Let's start with a little quiz. I say, "Big, bloated, and full of errors." What do you say? Right, "Windows Registry." One more: "Messing with it is risky." If you guessed the Registry again, you pass. While fooling around with your Windows Registry does involve some risk, cleaning it out can have an impact on your PC's overall performance.

The Windows Registry is an essential system file that houses a massive collection of details about your computer -- where programs are stored, which helper programs (known as DLLs) are shared among your various applications, listings of all your Start-menu shortcuts, and pointers to the programs that fire up when you click on an icon. And that's just the beginning.

[ Discover the top-rated IT products as rated by the InfoWorld Test Center. ]

Practically everything you do in Windows is recorded somewhere in the Registry. For instance, the URL for this article probably has an entry now. The paths to the last dozen or so images or documents you opened are there, too, as are the details of the programs you most recently installed or uninstalled.

Here's the problem: If you pry open the Registry, you'll probably find it about as cluttered as a teenager's bedroom. That's because Windows doesn't efficiently clean up after itself as it goes about its daily business. It constantly creates new entries, but seldom -- if ever -- removes them after they're no longer needed.

Compounding that problem are applications that are too inept to uninstall all of the Registry entries they create; far too often, program upgrades and installers leave unneeded pointers in the Registry. So the Registry becomes bloated with unnecessary entries, slowing down your system.

Registry Cleaners: Boon or Boondoggle?The big question is whether a Registry cleaner will speed up your PC, making it boot more quickly and run faster. The answer? I can say, emphatically and unequivocally, uh, maybe. That's right, a big, fat perhaps -- because everything depends on the condition of your Registry.

To find out which Registry cleaner catches the most errors, is the safest and easiest to use, and (just as important) creates the fewest hassles, I tested five of the most popular Registry cleaners and defraggers. Many came recommended by PC World readers. I examined two free products (Advanced Windows Care and RegSeeker) and three commercial ones (jv16 PowerTools, Registry First Aid, and RegSupreme). After all that testing, my Registry is squeaky clean -- the absolute envy of my PC World colleagues.

I tried each tool on my messy production PC using Windows XP SP3, on a pristine Fujitsu Lifebook T-Series laptop running Vista, and on an old ThinkPad laptop.

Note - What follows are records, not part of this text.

lemma eq_if_congruent_pairwise_comaximal:
  fixes q1 q2 :: "'a::field poly"
  assumes "finite A" "\<And>i. i \<in> A \<Longrightarrow> M i dvd q1 - q2"
    "\<And>i j. i \<in> A \<Longrightarrow> j \<in> A \<Longrightarrow> i \<noteq> j \<Longrightarrow> comaximal (M i) (M j)"
    "\<And>i. i \<in> A \<Longrightarrow> M i \<noteq> 0"
    "degree q1 < (\<Sum>i\<in>A. degree (M i))" "degree q2 < (\<Sum>i\<in>A. degree (M i))"
  shows "q1 = q2"
proof (rule ccontr)
  assume "q1 \<noteq> q2"
  have "prod M A dvd q1 - q2"
    using assms(1-3) by (rule prod_dvd_if_pairwise_comaximal)
  then have "degree (prod M A) \<le> degree (q1 - q2)"
    using \<open>q1 \<noteq> q2\<close> by (intro dvd_imp_degree_le) auto
  moreover have "degree (prod M A) = (\<Sum>i\<in>A. degree (M i))"
    using assms(4) by (simp add: degree_prod_eq_sum_degree)
  moreover have "degree (q1 - q2) < (\<Sum>i\<in>A. degree (M i))"
    using assms(5,6) by (rule degree_diff_less)
  ultimately show False
    by simp
qed

lemma exists_inverse_mod_prod_linear:
  fixes H :: "'a::field poly"
  assumes "finite J" "J \<noteq> {}" "\<And>j. j \<in> J \<Longrightarrow> poly H (r j) \<noteq> 0"
  shows "\<exists>P. degree P < card J \<and> (\<Prod>j\<in>J. [:- r j, 1:]) dvd H * P - 1"
proof -
  define W where "W = (\<Prod>j\<in>J. [:- r j, 1:])"
  have "W \<noteq> 0"
    using assms(1) by (simp add: W_def)
  have "comaximal H W"
    unfolding W_def using assms(3) by (intro comaximal_prod_right comaximal_linear)
  then obtain s t where st: "s * H + t * W = 1"
    unfolding comaximal_def by blast
  define P where "P = s mod W"
  have P_eq: "P = s - s div W * W"
    by (simp add: P_def minus_div_mult_eq_mod)
  have "H * P - 1 = (s * H + t * W - 1) + W * (- t - H * (s div W))"
    unfolding P_eq by (simp add: algebra_simps)
  then have "H * P - 1 = W * (- t - H * (s div W))"
    using st by simp
  moreover have "degree P < card J"
    using degree_mod_less[OF \<open>W \<noteq> 0\<close>, of s] assms(1,2)
    by (cases "P = 0") (auto simp: P_def W_def degree_prod_eq_sum_degree card_gt_0_iff)
  ultimately show ?thesis
    unfolding W_def[symmetric] by (metis dvd_triv_left)
qed

lemma dvd_prod_diff_prod:
  fixes W :: "'a::comm_ring_1"
  shows "(\<And>j. j \<in> S \<Longrightarrow> W dvd f j - g j) \<Longrightarrow> W dvd prod f S - prod g S"
proof (induction S rule: infinite_finite_induct)
  case (insert j S)
  have "prod f (insert j S) - prod g (insert j S) = f j * (prod f S - prod g S) + (f j - g j) * prod g S"
    using insert(1,2) by (simp add: algebra_simps)
  then show ?case
    using insert by (metis dvd_add dvd_mult dvd_mult2 insertCI)
qed simp_all

section \<open>The problem in the variable \<open>y = \<omega>\<^sub>n\<^sub>-\<^sub>1\<close>\<close>

definition dilation :: "'a::comm_ring_1 \<Rightarrow> 'a poly" where
  "dilation \<gamma> = [:\<gamma> - 1, \<gamma>:]"

lemma dilation_eq_smult_linear:
  fixes \<gamma> :: "'a::field"
  assumes "\<gamma> \<noteq> 0"
  shows "dilation \<gamma> = smult \<gamma> [:- (inverse \<gamma> - 1), 1:]"
  using assms by (simp add: dilation_def field_simps)

lemma dvd_dilation_iff:
  fixes \<gamma> :: "'a::field"
  assumes "\<gamma> \<noteq> 0"
  shows "dilation \<gamma> dvd f \<longleftrightarrow> [:- (inverse \<gamma> - 1), 1:] dvd f"
  unfolding dilation_eq_smult_linear[OF assms] smult_dvd_iff using assms by simp

context padic_field
begin

definition phi :: "'a \<Rightarrow> 'a poly" where
  "phi \<gamma> = smult (inverse (of_nat p)) (Phi \<circ>\<^sub>p dilation \<gamma>)"

lemma degree_phi_le: "degree (phi \<gamma>) \<le> p - 1"
proof -
  have "degree (phi \<gamma>) \<le> degree Phi * degree (dilation \<gamma>)"
    unfolding phi_def by (metis degree_pcompose_le degree_smult_le le_trans)
  also have "\<dots> \<le> (p - 1) * 1"
    using degree_Phi_le by (intro mult_mono) (auto simp: dilation_def)
  finally show ?thesis
    by simp
qed

lemma dilation_dvd_phi_minus_1:
  assumes "\<gamma> \<noteq> 0"
  shows "dilation \<gamma> dvd phi \<gamma> - 1"
proof -
  have "poly (dilation \<gamma>) (inverse \<gamma> - 1) = 0"
    using assms by (simp add: dilation_def field_simps)
  then have "poly (phi \<gamma> - 1) (inverse \<gamma> - 1) = 0"
    by (simp add: phi_def poly_pcompose poly_Phi_0)
  then show ?thesis
    by (simp only: dvd_dilation_iff[OF assms] poly_eq_0_iff_dvd)
qed

lemma prod_linear_small_roots:
  assumes "finite J" "\<And>j. j \<in> J \<Longrightarrow> av (r j) \<le> inverse (real p)"
  shows "\<exists>L. (\<Prod>j\<in>J. [:- r j, 1:]) = monom 1 (card J) + smult (of_nat p) L \<and> integral_poly L
            \<and> (\<forall>k\<ge>card J. coeff L k = 0)"
  using assms
proof (induction J rule: finite_induct)
  case empty
  show ?case
    by (rule exI[of _ 0]) (simp add: one_pCons monom_0)
next
  case (insert j A)
  then obtain L where L: "(\<Prod>j\<in>A. [:- r j, 1:]) = monom 1 (card A) + smult (of_nat p) L"
    "integral_poly L" "\<forall>k\<ge>card A. coeff L k = 0"
    by auto
  define L' where "L' = smult (- r j / of_nat p) (monom 1 (card A)) + pCons 0 L - smult (r j) L"
  have "(\<Prod>j\<in>insert j A. [:- r j, 1:]) = [:- r j, 1:] * (monom 1 (card A) + smult (of_nat p) L)"
    using insert L by simp
  also have "\<dots> = monom 1 (card (insert j A)) + smult (of_nat p) L'"
    unfolding L'_def using insert(1,2) p_gt_1
    by (intro poly_eqI) (auto simp: coeff_pCons coeff_monom field_simps mult_pCons_left split: nat.split)
  finally have "(\<Prod>j\<in>insert j A. [:- r j, 1:]) = monom 1 (card (insert j A)) + smult (of_nat p) L'" .
  moreover have "av (r j) \<le> inverse (real p)"
    using insert by simp
  then have "integral_poly L'"
    unfolding L'_def using L(2) av_less_1_if_le_inverse_p[of "r j"]
    by (intro integral_poly_add integral_poly_diff integral_poly_smult integral_poly_monom)
      (auto simp: av_divide_p_le_1)
  moreover have "\<forall>k\<ge>card (insert j A). coeff L' k = 0"
    unfolding L'_def using insert(1,2) L(3) by (auto simp: coeff_pCons coeff_monom split: nat.split)
  ultimately show ?case
    by blast
qed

I ran the Registry scan and repair module of each application, rebooted the system, and watched for problems -- and I also tried to determine whether the system seemed friskier. After each test, I restored each system to its original state of disarray with Acronis TrueImage. (Read a review of Acronis True Image Home 11 and download the demo.)

Top 10 Registry dos (and don'ts)Messing with the Registry -- and doing so incorrectly -- can destroy Windows, send your PC to computer heaven, and cause you great distress. I'm not kidding. Here are my 10 tips to keep your system here on Earth -- and to keep yourself anxiety-free.

1. The utmost protection from Registry hassles, or any computing disaster, is to have a current backup. I really mean it. As in, you ought to do one now while you're thinking about it. For a thorough tutorial, read "How to Prevent a Data Disaster" or "Fifteen Backup Programs to Safeguard Your Data." And if you don't have one, grab a backup tool from our Downloads library.

2. In most other programs that walk you through with wizards, it's no big deal if you don't pay attention and you merely keep clicking the Next button. That isn't the case with Registry cleaners. I strongly encourage you to stay alert and read whatever the cleaning tool has to say.

3. Before you open the Registry cleaner, use ERUNT (The Emergency Recovery Utility NT) to back up the Registry. Sure, I know, it's redundant, since the Registry cleaner will back up any changes it makes. But I like an extra level of security. You will, too, if something goes awry.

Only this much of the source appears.